* DESCRIPTION OF THE TASK: Identify all lines below that hold "proof" and collect them.

Dataset excerpts:
(* Let $0<\epsilon<1$, $r>0$ be constants, $p_2=\frac{1-\epsilon}{n}$, $p_3=\frac{r}{n\ln n}$, and $K_0=\max\{1,\lambda_1^{-1}(10)\}=\max\{1,\tfrac{2(9+\epsilon)}{r}\}$. Then with probability tending to $1$ as $n\to\infty$, there is no vertex $v$ of $\mathbb{G}(n,p_2,p_3)$ whose propagation component satisfies $K_0\ln n\le |C_v|\le n-1$.
   Context: $\mathbb{G}(n,p_2,p_3)$ is the random hypergraph on a vertex set $V$ with $|V|=n$ in which each of the $\binom n2$ possible 2-element edges is present with probability $p_2$ and each of the $\binom n3$ possible 3-element hyperedges is present with probability $p_3$, all independently. Propagation process from a vertex $v$: one maintains a set $\mathcal{Y}_t$ of active vertices and a set $\mathcal{D}_t$ of inactive vertices, with $\mathcal{Y}_0=\{v\}$, $\mathcal{D}_0=\emptyset$; vertices in neither set are unexplored. At time $t=0,1,2,\dots$, while $\mathcal{Y}_t\neq\emptyset$, pick an active vertex $v_t\in\mathcal{Y}_t$ and let $U_t$ be the set of unexplored vertices $u$ such that $\{v_t,u\}$ is a 2-edge or $\{v_t,u,w\}$ is a 3-edge for some $w\in\mathcal{D}_t$; set $\mathcal{Y}_{t+1}=(\mathcal{Y}_t\cup U_t)\setminus\{v_t\}$ and $\mathcal{D}_{t+1}=\mathcal{D}_t\cup\{v_t\}$. The process stops at $T_v=\min\{t:\mathcal{Y}_t=\emptyset\}$, and the propagation component of $v$ is $C_v=\mathcal{D}_{T_v}$, so $|C_v|=T_v$. Here $\lambda_1(x)=1-\epsilon+\frac r2 x$. *)

theory Defs
  imports "HOL-Probability.Probability"
begin

text \<open>Vertex set V = {0..<n}. A hypergraph is a pair (E2, E3) of sets of
2-element and 3-element subsets of V.\<close>

definition edges_of_size :: "nat \<Rightarrow> nat \<Rightarrow> nat set set" where
  "edges_of_size n k = {e. e \<subseteq> {..<n} \<and> card e = k}"

definition random_subset :: "'a set \<Rightarrow> real \<Rightarrow> 'a set pmf" where
  "random_subset A p = map_pmf (\<lambda>f. {e \<in> A. f e}) (Pi_pmf A False (\<lambda>_. bernoulli_pmf p))"

definition random_hypergraph :: "nat \<Rightarrow> real \<Rightarrow> real \<Rightarrow> (nat set set \<times> nat set set) pmf" where
  "random_hypergraph n p2 p3 =
     pair_pmf (random_subset (edges_of_size n 2) p2) (random_subset (edges_of_size n 3) p3)"

text \<open>One step of the propagation process on state (Y_t, D_t); the active vertex
chosen is the least one (the final component does not depend on this choice).\<close>
definition prop_step :: "nat \<Rightarrow> nat set set \<times> nat set set \<Rightarrow> nat set \<times> nat set \<Rightarrow> nat set \<times> nat set" where
  "prop_step n H S =
     (let (Y, D) = S in
      if Y = {} then (Y, D) else
      let vt = Min Y;
          U = {u \<in> {..<n}. u \<notin> Y \<and> u \<notin> D \<and>
                 ({vt, u} \<in> fst H \<or> (\<exists>w\<in>D. {vt, u, w} \<in> snd H))}
      in ((Y \<union> U) - {vt}, D \<union> {vt}))"

definition prop_state :: "nat \<Rightarrow> nat set set \<times> nat set set \<Rightarrow> nat \<Rightarrow> nat \<Rightarrow> nat set \<times> nat set" where
  "prop_state n H v t = (prop_step n H ^^ t) ({v}, {})"

definition stop_time :: "nat \<Rightarrow> nat set set \<times> nat set set \<Rightarrow> nat \<Rightarrow> nat" where
  "stop_time n H v = (LEAST t. fst (prop_state n H v t) = {})"

definition prop_component :: "nat \<Rightarrow> nat set set \<times> nat set set \<Rightarrow> nat \<Rightarrow> nat set" where
  "prop_component n H v = snd (prop_state n H v (stop_time n H v))"

definition lambda1 :: "real \<Rightarrow> real \<Rightarrow> real \<Rightarrow> real" where
  "lambda1 \<epsilon> r x = 1 - \<epsilon> + r / 2 * x"

end

theory Submission
  imports Defs "HOL-Real_Asymp.Real_Asymp"
begin

text \<open>If the propagation component \<open>C\<close> of \<open>v\<close> has \<open>k\<close> vertices, every vertex of \<open>C\<close>
  other than \<open>v\<close> was pulled in by a 2- or 3-edge inside \<open>C\<close>; these \<open>k - 1\<close> edges are
  distinct, since each is determined by its vertex of latest entry. Moreover no 2-edge joins
  \<open>C\<close> to its complement and no 3-edge has exactly two vertices in \<open>C\<close>. A first-moment count
  over \<open>C\<close>, \<open>v\<close> and the choice of edges bounds the probability of a component of size \<open>k\<close>.
  For \<open>k \<ge> K\<^sub>0 ln n\<close> one has \<open>\<lambda>\<^sub>1(k / ln n) \<ge> 10\<close> and the bound is at most \<open>n^-2\<close>
  (for \<open>k > n/8\<close> the missing 3-edges alone suffice), so summing over \<open>k < n\<close> leaves \<open>1/n\<close>.\<close>

section \<open>The propagation process\<close>

definition newly_reached :: "nat \<Rightarrow> nat set set \<times> nat set set \<Rightarrow> nat set \<Rightarrow> nat set \<Rightarrow> nat set" where
  "newly_reached n H Y D = {u \<in> {..<n}. u \<notin> Y \<and> u \<notin> D \<and>
     ({Min Y, u} \<in> fst H \<or> (\<exists>w\<in>D. {Min Y, u, w} \<in> snd H))}"

lemma prop_state_0: "prop_state n H v 0 = ({v}, {})"
  by (simp add: prop_state_def)

lemma prop_step_eq:
  "prop_step n H (Y, D) =
     (if Y = {} then (Y, D) else ((Y \<union> newly_reached n H Y D) - {Min Y}, D \<union> {Min Y}))"
  by (simp add: prop_step_def newly_reached_def Let_def)

text \<open>Pairs and triples that leave a vertex set \<open>C\<close>; a triple counts only if two of its
  vertices lie in \<open>C\<close>, as only such 3-edges can be used by the propagation.\<close>

definition boundary2 :: "nat \<Rightarrow> nat set \<Rightarrow> nat set set" where
  "boundary2 n C = (\<lambda>(x, u). {x, u}) ` (C \<times> ({..<n} - C))"

definition boundary3 :: "nat \<Rightarrow> nat set \<Rightarrow> nat set set" where
  "boundary3 n C = (\<lambda>(s, u). insert u s) ` ({s. s \<subseteq> C \<and> card s = 2} \<times> ({..<n} - C))"

context
  fixes n :: nat and H :: "nat set set \<times> nat set set" and v :: nat
  assumes start_lt: "v < n"
begin

abbreviation active :: "nat \<Rightarrow> nat set" where "active t \<equiv> fst (prop_state n H v t)"
abbreviation inactive :: "nat \<Rightarrow> nat set" where "inactive t \<equiv> snd (prop_state n H v t)"
abbreviation reached :: "nat \<Rightarrow> nat set" where "reached t \<equiv> active t \<union> inactive t"
abbreviation component :: "nat set" where "component \<equiv> prop_component n H v"

lemma active_Suc:
    "active (Suc t) =
       (if active t = {} then {} else (active t \<union> newly_reached n H (active t) (inactive t)) - {Min (active t)})"
  and inactive_Suc:
    "inactive (Suc t) = (if active t = {} then inactive t else insert (Min (active t)) (inactive t))"
  using prop_step_eq[of n H "active t" "inactive t"] by (simp_all add: prop_state_def)

lemma prop_state_invariant:
  "finite (active t) \<and> active t \<subseteq> {..<n} \<and> inactive t \<subseteq> {..<n} \<and> active t \<inter> inactive t = {}"
proof (induction t)
  case 0
  then show ?case using start_lt by (simp add: prop_state_0)
next
  case (Suc t)
  have "newly_reached n H (active t) (inactive t) \<subseteq> {..<n}"
    by (auto simp: newly_reached_def)
  moreover have "active t \<noteq> {} \<Longrightarrow> Min (active t) \<in> active t \<and> Min (active t) < n"
    using Suc by (meson Min_in lessThan_iff subsetD)
  ultimately show ?case
    using Suc unfolding active_Suc inactive_Suc by (auto simp: newly_reached_def intro: finite_subset)
qed

lemma Min_active_in: "active t \<noteq> {} \<Longrightarrow> Min (active t) \<in> active t"
  using prop_state_invariant[of t] by auto

lemma card_inactive: "(\<forall>s<t. active s \<noteq> {}) \<Longrightarrow> card (inactive t) = t"
proof (induction t)
  case 0
  then show ?case by (simp add: prop_state_0)
next
  case (Suc t)
  then have "active t \<noteq> {}" by auto
  moreover from this have "Min (active t) \<notin> inactive t"
    using Min_active_in prop_state_invariant[of t] by blast
  moreover have "finite (inactive t)"
    using prop_state_invariant[of t] finite_subset by blast
  ultimately show ?case using Suc unfolding inactive_Suc by simp
qed

lemma active_stop_time: "active (stop_time n H v) = {}"
proof -
  have "\<exists>t. active t = {}"
  proof (rule ccontr)
    assume "\<nexists>t. active t = {}"
    then have "card (inactive (Suc n)) = Suc n" by (intro card_inactive) blast
    moreover have "card (inactive (Suc n)) \<le> n"
      using prop_state_invariant[of "Suc n"] by (metis card_lessThan card_mono finite_lessThan)
    ultimately show False by simp
  qed
  then show ?thesis unfolding stop_time_def by (rule LeastI_ex)
qed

* WRITTEN RESPONSE:
proof (induction t)
proof (induction t)
proof -
  proof (rule ccontr)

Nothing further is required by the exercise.